THE SAME DAMNED PLACE YOU STARTED

Parsnips and salsify is the only vegetables that you ought to just leave alone. They're tough as nails, and it don't matter how cold it is. My daddy, he used to call me his little parsnip. But I'd bet dollars to doughnuts he didn't get the comparison. A momma who didn't want me, always scraping by. I could survive damn near anything. But, coming up, I didn't know we were poor. All them rich kids got packed up and sent off to private school. In a room chock-full a' free lunch cards, that dollar I took may as well have been a gold medal. If it weren't for Momma bein' so damn sorry, me and Daddy coulda lived in one of them pretty white houses with the red tin roof out in the country that I dreamed about.

Who you spend your life with, that's everything, let me tell you. My daddy and Graham's daddy grew up pretty much the same. They always had enough, but there weren't a whole lotta extras. The thing that made my grandmomma so proud was that
both her boys were smart as whips and worked harder than the plow horses.

They were gonna be somebody, Grandma always used to say. They would grow up to be landowners. Weren't nothing better to my grandma and grandpa. And that's why they scrimped and saved and got them boys through high school. Daddy, he would've been all right, just like Graham's daddy—if it weren't for Momma.

Graham's momma was sweet and lovin', the woman behind the man. She cleaned his house, raised his youngens, clipped coupons, picked vegetables, and built him up taller than the old bank building in the center of town. And that's why Graham's daddy did so good and my daddy couldn't never get ahead.

My raisin' is chockablock full of wakin' up in the middle of the night, Daddy trying to be all calm and civil when Momma come home drunk. And he'd realize right quick she'd blown his stash of savings to get that way.

“I'm trying to make a better life for Jodi!” he'd holler.

“We ain't never getting out of this shit hole,” she'd slur.

She'd pass out, and they'd make up in the mornin'. But one wonderful night, he yelled, “I've had it! Get out. Get outta here and don't you ever come back!
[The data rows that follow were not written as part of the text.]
theorem proposition2p8:
  assumes "semicommutative TYPE('a::ring_1)"
  shows "almost_armendariz TYPE('a)"
proof -
  interpret semicommutative_ring
    using assms unfolding semicommutative_def semicommutative_ring_def by blast
  show ?thesis unfolding almost_armendariz_def
  proof (intro allI impI)
    fix a :: "nat \<Rightarrow> 'a" and m b n i j
    assume "poly_prod_zero a m b n" and "i \<le> m" "j \<le> n"
    let ?A = "\<lambda>l. if l \<le> m then a l else 0" and ?B = "\<lambda>l. if l \<le> n then b l else 0"
    have "nilpotent (?A i * ?B j)"
      by (rule nilpotent_coeff_mult_if_Cauchy_product_eq_0)
        (rule poly_prod_zero_Cauchy_product[OF \<open>poly_prod_zero a m b n\<close>])
    with \<open>i \<le> m\<close> \<open>j \<le> n\<close> show "a i * b j \<in> prime_radical TYPE('a)"
      by (simp add: nilpotent_in_prime_radical)
  qed
qed

end
(* Let $\mathcal{X}\subset\mathbb{R}^d$ be nonempty, closed, convex and compact with diameter $D:=\max_{x,y\in\mathcal{X}}\|x-y\|$. Let $\Phi:\mathcal{X}\to\mathbb{R}$ be differentiable with $L$-Lipschitz gradient, and set $G:=\max_{x\in\mathcal{X}}\|\nabla\Phi(x)\|$, $\Phi_{\max}:=\max_{\mathcal{X}}\Phi$, $\Phi_{\min}:=\min_{\mathcal{X}}\Phi$. Let $F:\mathcal{X}\to\mathbb{R}^d$ satisfy $F(x)=-\nabla\Phi(x)+R(x)$ with $\|R(x)\|\le\varepsilon$ for all $x\in\mathcal{X}$. Run $x_{t+1}=\operatorname{Proj}_{\mathcal{X}}(x_t+\eta g_t)$, $t=0,\dots,T-1$, from $x_0\in\mathcal{X}$ with $0<\eta\le 1/L$, where the directions $g_t\in\mathbb{R}^d$ satisfy $\|g_t-\nabla\Phi(x_t)\|\le\delta_t\le\bar\delta$ for all $t$. Let $\widetilde{\mathcal{G}}_\eta(x_t):=\frac1\eta(x_{t+1}-x_t)$, pick $\hat t\in\arg\min_{0\le t\le T-1}\|\widetilde{\mathcal{G}}_\eta(x_t)\|$ and set $\hat x_T:=x_{\hat t}$. Then $$\operatorname{Gap}(\hat x_T)\le \bigl(D+\eta(G+\bar\delta)\bigr)\sqrt{\frac{4(\Phi_{\max}-\Phi_{\min})}{T\eta}+4\bar\delta^2}+D(\varepsilon+\bar\delta).$$
   Context: For $\bar x\in\mathcal{X}$, the duality gap of $F$ is $\operatorname{Gap}(\bar x):=\max_{x\in\mathcal{X}}\langle F(\bar x),\bar x-x\rangle$ with the Euclidean inner product. $\operatorname{Proj}_{\mathcal{X}}$ is Euclidean projection onto $\mathcal{X}$. *)

theory Defs
  imports "HOL-Analysis.Analysis"
begin

definition gap :: "'a::euclidean_space set \<Rightarrow> ('a \<Rightarrow> 'a) \<Rightarrow> 'a \<Rightarrow> real" where
  "gap X F xb = (SUP x\<in>X. F xb \<bullet> (xb - x))"

end

theory Submission
  imports Defs
begin
lemma aff_dim_cell_rank_123: "aff_dim (cell rank_123) = int CARD(3 \<Rightarrow> bool) - 1"
proof -
  let ?U = "{p :: real ^ (3 \<Rightarrow> bool). \<forall>i. 0 < p $ i} \<inter>
    {p. marginal 2 p < marginal 1 p} \<inter> {p. marginal 3 p < marginal 2 p}"
  have "aff_dim (cell rank_123) = aff_dim (unit_mass_plane :: (real ^ (3 \<Rightarrow> bool)) set)"
  proof (rule aff_dim_eq_if_open_slice[where U = ?U])
    have "perturbed_uniform (\<lambda>k. k \<noteq> 3) only_first_relevant \<in> unit_mass_plane \<inter> ?U"
      by (simp add: perturbed_uniform_in_unit_mass_plane perturbed_uniform_positive marginals_perturbed_uniform)
    then show "unit_mass_plane \<inter> ?U \<noteq> {}"
      by blast
    show "unit_mass_plane \<inter> ?U \<subseteq> cell rank_123"
      by (auto intro!: rank_123_in_cell positive_in_prob_simplex)
  qed (simp_all add: affine_imp_convex affine_unit_mass_plane open_Int open_positive_orthant
      open_marginal_less cell_subset_unit_mass_plane)
  then show ?thesis
    by (simp add: aff_dim_unit_mass_plane)
qed

lemma aff_dim_cell_rank_132: "aff_dim (cell rank_132) = int CARD(3 \<Rightarrow> bool) - 1"
proof -
  let ?U = "{p :: real ^ (3 \<Rightarrow> bool). \<forall>i. 0 < p $ i} \<inter>
    {p. marginal 3 p < marginal 1 p} \<inter> {p. marginal 2 p < marginal 3 p}"
  have "aff_dim (cell rank_132) = aff_dim (unit_mass_plane :: (real ^ (3 \<Rightarrow> bool)) set)"
  proof (rule aff_dim_eq_if_open_slice[where U = ?U])
    have "perturbed_uniform (\<lambda>k. k \<noteq> 2) only_first_relevant \<in> unit_mass_plane \<inter> ?U"
      by (simp add: perturbed_uniform_in_unit_mass_plane perturbed_uniform_positive marginals_perturbed_uniform)
    then show "unit_mass_plane \<inter> ?U \<noteq> {}"
      by blast
    show "unit_mass_plane \<inter> ?U \<subseteq> cell rank_132"
      by (auto intro!: rank_132_in_cell positive_in_prob_simplex)
  qed (simp_all add: affine_imp_convex affine_unit_mass_plane open_Int open_positive_orthant
      open_marginal_less cell_subset_unit_mass_plane)
  then show ?thesis
    by (simp add: aff_dim_unit_mass_plane)
qed

lemma cell_rank_123_Int_cell_rank_132:
  "cell rank_123 \<inter> cell rank_132 \<subseteq> unit_mass_plane \<inter> {p. marginal 2 p = marginal 3 p}"
proof
  fix p
  assume p: "p \<in> cell rank_123 \<inter> cell rank_132"
  then have "loss_vec rank_123 \<bullet> p = loss_vec rank_132 \<bullet> p"
    using rank_123_in_learner_actions rank_132_in_learner_actions
    by (auto simp: cell_def intro: order.antisym)
  then have "marginal 2 p = marginal 3 p"
    by (simp add: inner_loss_vec_3)
  with p cell_subset_unit_mass_plane show "p \<in> unit_mass_plane \<inter> {p. marginal 2 p = marginal 3 p}"
    by blast
qed

lemma marginal_tie_eq_hyperplane:
  "{p. marginal a p = marginal b p} = {p. ((\<chi> r. rel (r a)) - (\<chi> r. rel (r b))) \<bullet> p = 0}"
  by (simp add: marginal_def inner_diff_left)

lemma aff_dim_tie_plane:
  "aff_dim (unit_mass_plane \<inter> {p :: real ^ (3 \<Rightarrow> bool). marginal 2 p = marginal 3 p}) =
    int CARD(3 \<Rightarrow> bool) - 2"
proof -
  define h :: "real ^ (3 \<Rightarrow> bool)" where "h = (\<chi> r. rel (r 2)) - (\<chi> r. rel (r 3))"
  have tie: "{p. marginal 2 p = marginal 3 p} = {p. h \<bullet> p = 0}"
    unfolding h_def by (rule marginal_tie_eq_hyperplane)
  have "perturbed_uniform only_first_relevant only_first_relevant \<in> unit_mass_plane \<inter> {p. h \<bullet> p = 0}"
    by (simp add: perturbed_uniform_in_unit_mass_plane marginals_perturbed_uniform flip: tie)
  moreover have "\<not> unit_mass_plane \<subseteq> {p. h \<bullet> p = 0}"
    using perturbed_uniform_in_unit_mass_plane[of "\<lambda>k. k \<noteq> 3" only_first_relevant]
    by (auto simp: marginals_perturbed_uniform simp flip: tie)
  ultimately show ?thesis
    unfolding tie aff_dim_affine_Int_hyperplane[OF affine_unit_mass_plane]
    by (auto simp: aff_dim_unit_mass_plane)
qed

lemma aff_dim_cell_rank_123_Int_cell_rank_132:
  "aff_dim (cell rank_123 \<inter> cell rank_132) = int CARD(3 \<Rightarrow> bool) - 2"
proof -
  let ?T = "unit_mass_plane \<inter> {p :: real ^ (3 \<Rightarrow> bool). marginal 2 p = marginal 3 p}"
  let ?U = "{p :: real ^ (3 \<Rightarrow> bool). \<forall>i. 0 < p $ i} \<inter> {p. marginal 2 p < marginal 1 p}"
  have "aff_dim (cell rank_123 \<inter> cell rank_132) = aff_dim ?T"
  proof (rule aff_dim_eq_if_open_slice[where U = ?U])
    have "perturbed_uniform only_first_relevant only_first_relevant \<in> ?T \<inter> ?U"
      by (simp add: perturbed_uniform_in_unit_mass_plane perturbed_uniform_positive marginals_perturbed_uniform)
    then show "?T \<inter> ?U \<noteq> {}"
      by blast
    show "?T \<inter> ?U \<subseteq> cell rank_123 \<inter> cell rank_132"
      by (auto intro!: rank_123_in_cell rank_132_in_cell positive_in_prob_simplex)
    show "convex ?T"
      unfolding marginal_tie_eq_hyperplane
      by (intro convex_Int affine_imp_convex affine_unit_mass_plane convex_hyperplane)
    show "open ?U"
      by (intro open_Int open_positive_orthant open_marginal_less)
  qed (rule cell_rank_123_Int_cell_rank_132)
  then show ?thesis
    by (simp add: aff_dim_tie_plane)
qed

lemma neighboring_rank_123_rank_132: "neighboring rank_123 rank_132"
proof -
  have "perturbed_uniform only_first_relevant only_first_relevant \<in> cell rank_123 \<inter> cell rank_132"
    by (auto intro!: rank_123_in_cell rank_132_in_cell perturbed_uniform_in_prob_simplex
        simp: marginals_perturbed_uniform)
  then show ?thesis
    unfolding neighboring_def pareto_optimal_def
    using rank_123_in_learner_actions rank_132_in_learner_actions aff_dim_cell_rank_123
      aff_dim_cell_rank_132 aff_dim_cell_rank_123_Int_cell_rank_132
    by blast
qed
text \<open>Both chains move down with the same probability and use the same uniform, so two chains
  that have met at a state \<open>x\<close> separate in the next step only if \<open>U(k)\<close> falls between the two
  up-thresholds \<open>1 - P(x,x+1)\<close> and \<open>1 - R(x,x+1)\<close>, an interval of length
  \<open>|P(x,x+1) - R(x,x+1)|\<close>. As \<open>X\<close> is stationary and \<open>X(k)\<close> is independent of \<open>U(k)\<close>, this has
  probability at most the \<open>\<pi>\<close>-average of the gap lengths at each time; a union bound over
  \<open>k < n\<close> gives the factor \<open>n\<close>.

  The gaps come from counting: with \<open>D\<close> the subfactorial, exactly \<open>C(N,x) D(N-x)\<close> permutations
  have \<open>x\<close> fixed points, and opening a 2-cycle into two fixed points shows that these permutations
  have \<open>C(x+2,2)\<close> times as many 2-cycles in total as there are permutations with \<open>x+2\<close> fixed
  points. The recurrences of \<open>D\<close> then yield detailed balance for \<open>P\<close> (hence stationarity) and
  \<open>N(N-1) \<pi>\<^sub>N(x) |P(x,x+1) - R(x,x+1)| = C(N,x) (N-x-1) / N!\<close>; summing over \<open>x\<close> and using
  \<open>\<pi>\<^sub>N(0) \<ge> 1/N\<close> for the normalisation gives \<open>2^N/N!\<close>.\<close>

definition rencontres :: "nat \<Rightarrow> nat \<Rightarrow> nat" where
  "rencontres N x = card {\<sigma> \<in> perms N. eta1 N \<sigma> = x}"

definition eta2_sum :: "nat \<Rightarrow> nat \<Rightarrow> nat" where
  "eta2_sum N x = (\<Sum>\<sigma>\<in>{\<sigma> \<in> perms N. eta1 N \<sigma> = x}. eta2 N \<sigma>)"

lemma finite_perms: "finite (perms N)"
  unfolding perms_def by (simp add: finite_permutations)

lemma card_perms: "card (perms N) = fact N"
  unfolding perms_def by (simp add: card_permutations)

lemma piN_eq: "piN N x = real (rencontres N x) / fact N"
  unfolding piN_def rencontres_def card_perms by simp

lemma pcond_eq: "pcond N x = real (eta2_sum N x) / real (rencontres N x)"
  unfolding pcond_def eta2_sum_def rencontres_def by simp

subsection \<open>The recurrence for rencontres numbers\<close>

lemma card_nonfixed: "card {b. b < n \<and> q b \<noteq> b} = n - eta1 n q"
proof -
  have "{b. b < n \<and> q b \<noteq> b} = {..<n} - {i. i < n \<and> q i = i}" by auto
  then show ?thesis
    unfolding eta1_def by (simp add: card_Diff_subset subset_eq)
qed

lemma eta1_Suc:
  assumes "q permutes {..<n}"
  shows "eta1 (Suc n) q = Suc (eta1 n q)"
proof -
  have "{i. i < Suc n \<and> q i = i} = insert n {i. i < n \<and> q i = i}"
    using assms by (auto simp: permutes_not_in)
  then show ?thesis unfolding eta1_def by simp
qed

lemma eta1_transpose_comp:
  assumes q: "q permutes {..<n}" and b: "b < n"
  shows "eta1 (Suc n) (Transposition.transpose n b \<circ> q) = eta1 n q - (if q b = b then 1 else 0)"
proof -
  have "i < Suc n \<and> (Transposition.transpose n b \<circ> q) i = i \<longleftrightarrow> i \<in> {i. i < n \<and> q i = i} - {b}" for i
  proof (cases "i < n")
    case True
    then have "q i < n" using q by (metis lessThan_iff permutes_in_image)
    then show ?thesis using True b by (auto simp: Transposition.transpose_def)
  next
    case False
    then show ?thesis using b permutes_not_in[OF q, of n]
      by (auto simp: Transposition.transpose_def less_Suc_eq)
  qed
  then have "{i. i < Suc n \<and> (Transposition.transpose n b \<circ> q) i = i} = {i. i < n \<and> q i = i} - {b}"
    by blast
  then show ?thesis unfolding eta1_def using b by (simp add: card_Diff_singleton_if)
qed

lemma card_transpose_targets:
  assumes "q permutes {..<n}"
  shows "card {b. b < n \<and> eta1 n q - (if q b = b then 1 else 0) = x}
     = (if eta1 n q = x + 1 then x + 1 else 0) + (if eta1 n q = x then n - x else 0)"
proof -
  consider "eta1 n q = x" | "eta1 n q = x + 1" | "eta1 n q \<noteq> x" "eta1 n q \<noteq> x + 1" by blast
  then show ?thesis
  proof cases
    case 1
    have "q b = b \<Longrightarrow> b < n \<Longrightarrow> 0 < eta1 n q" for b
      unfolding eta1_def by (subst card_gt_0_iff) auto
    then have "{b. b < n \<and> eta1 n q - (if q b = b then 1 else 0) = x} = {b. b < n \<and> q b \<noteq> b}"
      using 1 by force
    then show ?thesis using 1 card_nonfixed[of n q] by simp
  next
    case 2
    then have "{b. b < n \<and> eta1 n q - (if q b = b then 1 else 0) = x} = {b. b < n \<and> q b = b}"
      by auto
    then show ?thesis using 2 unfolding eta1_def by simp
  next
    case 3
    then have "{b. b < n \<and> eta1 n q - (if q b = b then 1 else 0) = x} = {}" by auto
    then show ?thesis using 3 by simp
  qed
qed

lemma rencontres_as_sum:
  "rencontres m y = (\<Sum>\<sigma>\<in>perms m. if eta1 m \<sigma> = y then 1 else 0)"
  unfolding rencontres_def using finite_perms[of m] by (simp add: sum.If_cases Int_def)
And you stay the hell away from my girl!”

I threw my arms clean around Daddy's neck. “Please, Daddy, please, no matter how hard she begs you, promise me you won't take her back.”

He kissed my cheek and said, “I'm done with her, baby girl. I promise.”

“I'm done with her too.” I wiped my hands on my pants like getting her liquored breath off my skin.

Only, I weren't done with her. Daddy neither. They didn't even get their separation legal 'fore Daddy got the pancreatic cancer. They may as well've told me I was dying for how I felt.
Daddy worked as long as he could, and I took care of him 'til hospice come in.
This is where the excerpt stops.